I was drinking with a few friends at the 3rd world racquet club. We were talking about financial planning for fuck’s sake.
So, I told them about one of our neighbors when I was a kid in Akron, Ohio. This neighbor never worked. He inherited what sounded like a fortune in the 1940’s. But it didn’t last.
By the 1980’s, he was reduced to living in the basement and cutting the trees in his yard to burn for heat. No electricity and probably no running water. There were holes in the roof and windows missing on the first and second floor. When he died, they just tore the house down and let the trees take over the yard — karma mother fuckers, karma. The trees will win in the end.
“That’s so depressing,” my drinking friends said. “We don’t even know what to say.”
Fuck.
These pussies flaccid penises can’t handle the truth. I couldn’t bring myself to tell them about my other neighbors like:
“Homer” the weird guy, who walked around town with a gun over his shoulder. He hunted rabbits for food, and you would often see him walk home with several “bloody pelts” strung over his back.
The dope-dealing teenager, who regularly took out his dad’s gun and threatened to shoot other kids in the neighborhood. He grew up to be a respected businessman.
Or the engineer who had 6 kids and beat at least 1 of them to the point when she had long-term mental and physical health issues.
Or the fucking shyster lawyer who ran through our yard every time there was a car crash on the corner. He sued my parents when one of our dogs bit him as he sprinted toward an accident, waving his arms like a mad man and screaming at us kids to “get the fuck out of my way.”
The street next to ours was called “Memorial Parkway” because in the 60’s there had been a huge mudslide and some kids and a cop were swept down the hill to their deaths.
Halfway down Memorial Parkway was a set of train tracks. When I was about 12, some maniac who lived close by killed a young woman, put her body in a VW bug, set the car on fire and rolled it in front of an oncoming train. (Or he may have rolled it on the tracks and then set it on fire — same result).

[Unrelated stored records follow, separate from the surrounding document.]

(* Let $H(s):\mathbb{R}\mapsto\mathbb{C}^{N\times N}$ be differentiable on the domain $[0,t]$ and let $\langle\|\dot H\|\rangle:=\frac{1}{t}\int_0^t\left\|\frac{\mathrm{d}H(s)}{\mathrm{d}s}\right\|\mathrm{d}s$. Let $K\ge0$ be an integer and $\epsilon_2>0$. If $M$ is chosen such that 1. $M\ge\frac{t^2}{\epsilon_2}4e^{\max_s\|H(s)\|t}\left(\langle\|\dot H\|\rangle+\max_s\|H(s)\|^2\right)$, and 2. $M\ge K^2$, then $\left\|\sum_{k=0}^K(-i)^kD_k-\sum_{k=0}^K\left(-i\frac{t}{M}\right)^kB_k\right\|\le\epsilon_2$.
   Context: $\|\cdot\|$ is the spectral norm. $D_k=\frac{1}{k!}\int_0^t\cdots\int_0^t\mathcal{T}[H(t_1)\cdots H(t_k)]\mathrm{d}^kt$, where $\mathcal{T}$ reorders an operator product so that factors at later times stand to the left. With $\Delta=t/M$, $B_k=\sum_{0\le m_1<\cdots<m_k<M}H(m_k\Delta)\cdots H(m_1\Delta)$ (and $B_0=D_0$ the identity). *)

theory Defs
  imports "HOL-Analysis.Analysis"
begin

definition snorm :: "complex^'n^'n \<Rightarrow> real" where
  "snorm A = onorm (\<lambda>x::complex^'n. A *v x)"

definition cscale :: "complex \<Rightarrow> complex^'n^'n \<Rightarrow> complex^'n^'n" where
  "cscale c A = (\<chi> i j. c * A $ i $ j)"

definition mprod :: "(complex^'n^'n) list \<Rightarrow> complex^'n^'n" where
  "mprod As = foldr (**) As (mat 1)"

text \<open>Time-ordered product T[H(x 0) ... H(x (k-1))]: factors at later times to the left.\<close>
definition time_ordered :: "(real \<Rightarrow> complex^'n^'n) \<Rightarrow> nat \<Rightarrow> (nat \<Rightarrow> real) \<Rightarrow> complex^'n^'n" where
  "time_ordered H k x = mprod (map H (rev (sort (map x [0..<k]))))"

definition Dk :: "(real \<Rightarrow> complex^'n^'n) \<Rightarrow> real \<Rightarrow> nat \<Rightarrow> complex^'n^'n" where
  "Dk H t k = (1 / fact k) *\<^sub>R
     integral\<^sup>L (PiM {..<k} (\<lambda>_. restrict_space lborel {0..t})) (time_ordered H k)"

definition Bk :: "(real \<Rightarrow> complex^'n^'n) \<Rightarrow> real \<Rightarrow> nat \<Rightarrow> nat \<Rightarrow> complex^'n^'n" where
  "Bk H t M k = (\<Sum>S\<in>{S. S \<subseteq> {..<M} \<and> card S = k}.
      mprod (map (\<lambda>m. H (real m * (t / real M))) (rev (sorted_list_of_set S))))"

end

(*
  Replace each time coordinate in [0, t]^k by the left end point of its cell in the uniform grid
  of M cells. The time-ordered integrand of k! D_k then becomes a step function whose integral is
  (t/M)^k times the sum of the time-ordered grid products over all index maps {..<k} -> {..<M}.
  The injective maps contribute exactly k! B_k; the at most k(k-1)/2 M^(k-1) others are bounded by
  h^k each, where h = max ||H||. Telescoping the ordered product, the integrand and the step
  function differ by at most h^(k-1) times the variations of H over the k cells involved, which
  integrate to k (t/M) (h t)^(k-1) times the integral of ||H'||. So the k-th error is at most
  (t/M) k (h t)^(k-1) / k! * (integral of ||H'|| + (k-1) h / 2), and summing against the
  exponential series gives (t/M) e^(h t) (integral of ||H'|| + t h^2 / 2), which the choice of M
  makes at most epsilon2.
*)

theory Submission
  imports Defs "HOL-Combinatorics.Multiset_Permutations"
begin

section \<open>Spectral norm\<close>

lemma bounded_bilinear_matrix_vector_mult:
  "bounded_bilinear (\<lambda>(A::complex^'n^'n) x. A *v x)"
  unfolding bilinear_conv_bounded_bilinear[symmetric] bilinear_def
  by (simp add: linear_iff vec_eq_iff matrix_vector_mult_def scaleR_sum_right sum.distrib algebra_simps)

lemma bounded_bilinear_matrix_mult:
  "bounded_bilinear (\<lambda>(A::complex^'n^'n) B. A ** B)"
  unfolding bilinear_conv_bounded_bilinear[symmetric] bilinear_def
  by (simp add: linear_iff vec_eq_iff matrix_matrix_mult_def scaleR_sum_right sum.distrib algebra_simps)

lemma snorm_nonneg: "0 \<le> snorm A"
  unfolding snorm_def by (rule onorm_pos_le) simp

lemma norm_matrix_vector_mult_le_snorm: "norm (A *v x) \<le> snorm A * norm x"
  unfolding snorm_def by (rule onorm) simp

lemma snorm_bound: "0 \<le> b \<Longrightarrow> (\<And>x. norm (A *v x) \<le> b * norm x) \<Longrightarrow> snorm A \<le> b"
  unfolding snorm_def by (rule onorm_bound)

lemma snorm_zero [simp]: "snorm 0 = 0"
  by (intro antisym snorm_bound snorm_nonneg) simp_all

lemma snorm_mat_1_le: "snorm (mat 1) \<le> 1"
  by (rule snorm_bound) simp_all

lemma snorm_add_le: "snorm (A + B) \<le> snorm A + snorm B"
  unfolding snorm_def matrix_vector_mult_add_rdistrib by (rule onorm_triangle) simp_all

lemma snorm_sum_le: "snorm (sum f S) \<le> (\<Sum>i\<in>S. snorm (f i))"
  by (induction S rule: infinite_finite_induct) (auto intro: order_trans[OF snorm_add_le])

lemma snorm_matrix_mult_le: "snorm (A ** B) \<le> snorm A * snorm B"
  using onorm_compose[of "\<lambda>x. A *v x" "\<lambda>x. B *v x"]
  by (simp add: snorm_def comp_def matrix_vector_mul_assoc)

lemma snorm_scaleR: "snorm (r *\<^sub>R A) = \<bar>r\<bar> * snorm A"
proof -
  have "(\<lambda>x. (r *\<^sub>R A) *v x) = (\<lambda>x. r *\<^sub>R (A *v x))"
    by (rule ext) (simp add: matrix_vector_mult_def vec_eq_iff scaleR_sum_right)
  then show ?thesis
    unfolding snorm_def by (simp add: onorm_scaleR)
qed

lemma snorm_cscale_le: "snorm (cscale c A) \<le> cmod c * snorm A"
proof (rule snorm_bound)
  fix x
  have "norm (cscale c A *v x) = cmod c * norm (A *v x)"
    by (simp add: cscale_def matrix_vector_mult_def norm_vec_def L2_set_def norm_mult power_mult_distrib
        sum_distrib_left[symmetric] real_sqrt_mult mult.assoc)
  then show "norm (cscale c A *v x) \<le> cmod c * snorm A * norm x"
    by (simp add: mult.assoc mult_left_mono norm_matrix_vector_mult_le_snorm)
qed (simp add: snorm_nonneg)

lemma cscale_diff: "cscale c A - cscale c B = cscale c (A - B)"
  by (simp add: cscale_def vec_eq_iff right_diff_distrib)

lemma cscale_mult_of_real: "cscale (c * complex_of_real r) A = cscale c (r *\<^sub>R A)"
proof -
  have "cscale (c * complex_of_real r) A $ i $ j = cscale c (r *\<^sub>R A) $ i $ j" for i j
    by (simp add: cscale_def) (simp add: scaleR_conv_of_real)
  then show ?thesis
    by (simp add: vec_eq_iff)
qed

lemma snorm_le_norm_bound: "\<exists>K. \<forall>A::complex^'n^'n. snorm A \<le> K * norm A"
proof -
  obtain K where K: "0 \<le> K" "\<And>(A::complex^'n^'n) x. norm (A *v x) \<le> norm A * norm x * K"
    using bounded_bilinear.nonneg_bounded[OF bounded_bilinear_matrix_vector_mult] by auto
  then have "snorm A \<le> K * norm A" for A :: "complex^'n^'n"
    by (intro snorm_bound) (auto simp: mult_ac)
  then show ?thesis by blast
qed

lemma bdd_above_snorm_image:
  fixes H :: "real \<Rightarrow> complex^'n^'n"
  assumes "continuous_on S H" and "compact S"
  shows "bdd_above ((\<lambda>s. snorm (H s)) ` S)"
proof -
  obtain K where K: "\<And>A::complex^'n^'n. snorm A \<le> K * norm A"
    using snorm_le_norm_bound by blast
  obtain B where B: "\<And>s. s \<in> S \<Longrightarrow> norm (H s) \<le> B"
    using compact_imp_bounded[OF compact_continuous_image[OF assms]] by (auto simp: bounded_iff)
  have "snorm (H s) \<le> \<bar>K\<bar> * B" if "s \<in> S" for s
    using K[of "H s"] B[OF that] abs_ge_self[of K]
    by (smt (verit) mult_left_mono mult_right_mono norm_ge_zero)
  then show ?thesis
    by (intro bdd_aboveI2)
qed

lemma norm_le_snorm: "norm A \<le> real CARD('n)^2 * snorm (A::complex^'n^'n)"
proof -
  have entry: "norm (A $ i $ j) \<le> snorm A" for i j
  proof -
    have "norm (A $ i $ j) = norm ((A *v axis j 1) $ i)"
      by (simp add: matrix_vector_mult_def axis_def if_distrib cong: if_cong)
    also have "\<dots> \<le> norm (A *v axis j 1)"
      by (rule Finite_Cartesian_Product.norm_nth_le)
    also have "\<dots> \<le> snorm A * norm (axis j (1::complex))"
      by (rule norm_matrix_vector_mult_le_snorm)
    finally show ?thesis
      by (simp add: inner_axis' norm_eq_1)
  qed
  have norm_le_sum: "norm x \<le> (\<Sum>i\<in>UNIV. norm (x $ i))" for x :: "'a::real_normed_vector^'n"
    unfolding norm_vec_def by (rule L2_set_le_sum) simp
  have "norm A \<le> (\<Sum>i\<in>UNIV. \<Sum>j\<in>UNIV. norm (A $ i $ j))"
    by (rule order_trans[OF norm_le_sum sum_mono[OF norm_le_sum]])
  also have "\<dots> \<le> (\<Sum>i\<in>(UNIV::'n set). \<Sum>j\<in>(UNIV::'n set). snorm A)"
    by (intro sum_mono entry)
  finally show ?thesis
    by (simp add: power2_eq_square)
qed

lemma snorm_integral_le:
  fixes f :: "'a \<Rightarrow> complex^'n^'n"
  assumes f: "integrable M f" and g: "integrable M g"
    and le: "\<And>x. x \<in> space M \<Longrightarrow> snorm (f x) \<le> g x"
  shows "snorm (integral\<^sup>L M f) \<le> integral\<^sup>L M g"
proof (rule snorm_bound)
  show "0 \<le> integral\<^sup>L M g"
    by (intro integral_nonneg_AE AE_I2) (metis le snorm_nonneg order_trans)
  fix v :: "complex^'n"
  have lin: "bounded_linear (\<lambda>A::complex^'n^'n. A *v v)"
    by (rule bounded_bilinear.bounded_linear_left[OF bounded_bilinear_matrix_vector_mult])
  have "norm (integral\<^sup>L M f *v v) = norm (integral\<^sup>L M (\<lambda>x. f x *v v))"
    using integral_bounded_linear[OF lin f] by simp
  also have "\<dots> \<le> integral\<^sup>L M (\<lambda>x. norm (f x *v v))"
    by (rule integral_norm_bound)
  also have "\<dots> \<le> integral\<^sup>L M (\<lambda>x. g x * norm v)"
  proof (intro integral_mono integrable_norm integrable_bounded_linear[OF lin f] integrable_mult_left g)
    fix x assume "x \<in> space M"
    then show "norm (f x *v v) \<le> g x * norm v"
      using le[of x] norm_matrix_vector_mult_le_snorm[of "f x" v] mult_right_mono[of _ _ "norm v"]
      by fastforce
  qed
  finally show "norm (integral\<^sup>L M f *v v) \<le> integral\<^sup>L M g * norm v"
    by simp
qed

lemma snorm_diff_le_integral_derivative:
  fixes H :: "real \<Rightarrow> complex^'n^'n"
  assumes "a \<le> b" and "{a..b} \<subseteq> S" and "H differentiable_on S"
    and int: "(\<lambda>s. snorm (vector_derivative H (at s within S))) integrable_on {a..b}"
  shows "snorm (H b - H a) \<le> integral {a..b} (\<lambda>s. snorm (vector_derivative H (at s within S)))"
proof (rule snorm_bound)
  let ?H' = "\<lambda>s. vector_derivative H (at s within S)"
  show "0 \<le> integral {a..b} (\<lambda>s. snorm (?H' s))"
    by (rule integral_nonneg[OF int]) (simp add: snorm_nonneg)
  fix v :: "complex^'n"
  have "(H has_vector_derivative ?H' s) (at s within {a..b})" if "s \<in> {a..b}" for s
    using assms that
    by (metis differentiable_on_def has_vector_derivative_within_subset subsetD vector_derivative_works)
  then have "(?H' has_integral (H b - H a)) {a..b}"
    by (rule fundamental_theorem_of_calculus[OF \<open>a \<le> b\<close>])
  from has_integral_linear[OF this
      bounded_bilinear.bounded_linear_left[OF bounded_bilinear_matrix_vector_mult]]
  have hv: "((\<lambda>s. ?H' s *v v) has_integral ((H b - H a) *v v)) {a..b}"
    by (simp add: o_def)
  have "norm (integral {a..b} (\<lambda>s. ?H' s *v v)) \<le> integral {a..b} (\<lambda>s. snorm (?H' s) * norm v)"
    using hv integrable_on_mult_left[OF int] norm_matrix_vector_mult_le_snorm
    by (intro integral_norm_bound_integral) blast+
  then show "norm ((H b - H a) *v v) \<le> integral {a..b} (\<lambda>s. snorm (?H' s)) * norm v"
    using hv by (simp add: integral_unique)
qed

section \<open>Ordered products\<close>

lemma mprod_Nil [simp]: "mprod [] = mat 1"
  by (simp add: mprod_def)

lemma mprod_Cons [simp]: "mprod (A # As) = A ** mprod As"
  by (simp add: mprod_def)

lemma matrix_mult_diff_telescope:
  fixes A B P Q :: "'a::comm_ring_1^'n^'n"
  shows "A ** P - B ** Q = (A - B) ** P + B ** (P - Q)"
  by (simp add: matrix_matrix_mult_def vec_eq_iff sum_subtractf sum.distrib algebra_simps)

A group of us kids spent a week that summer being a mini-CSI-team looking for burned car and body parts that were pressed into the tracks from the tonnage of the train.
I swear we found a few of each.
Surprise, surprise, the murderer was not my worst neighbor.
The Worst Neighbor
Our worst neighbor was Jim Bell (click his name to read his “obituary”). He made a small fortune running a manufacturing business. He used that money for two things:
One, was to buy the big house on more than an acre of land to the north of ours. He threw massive outdoor parties with roasted pigs, kegs of beer and loud laughter until late into the night.
Two, was to run a pedophile ring. Not fucking kidding — how these fucking pedophiles form a “ring”, I’ll never know, but he had 10-20 of them colluding like Trump with Russians. It went on for more than 10 years. In Ohio, and then again in Florida.
And it gets worse…
Jim Bell paid the parents to bring their kids to him and his friends at various “sex houses” around town and in Florida (even pedophiles hate the cold).
When the story broke in Akron Beacon Journal, there were a lot of people who claimed they were never at a party at my neighbor’s house. But they couldn’t fucking fool us — we could pick them out any time they laughed.
See, my weepy 3rd world club friends, the guy using trees for heat because he burned through his parents’ money, was not a sad story at all… In that neighborhood, he was a fucking role-model. And for Akron in the 70’s, that was a good neighborhood with great parents.
I can’t begin to tell you the stories my friend Dave has about growing up poor in Akron with 7 (or 10 or however many children they had) and an alcoholic abusive father…
You pussies flaccid penises would never talk to me again.
Update March, 2023
I wrote this story back in 2018, but I thought now would be a good time to remind people that things have always sucked. How bad it sucks just depends on your definition of “sucking” and who you are, and where you are in the space/time/cultural continuim.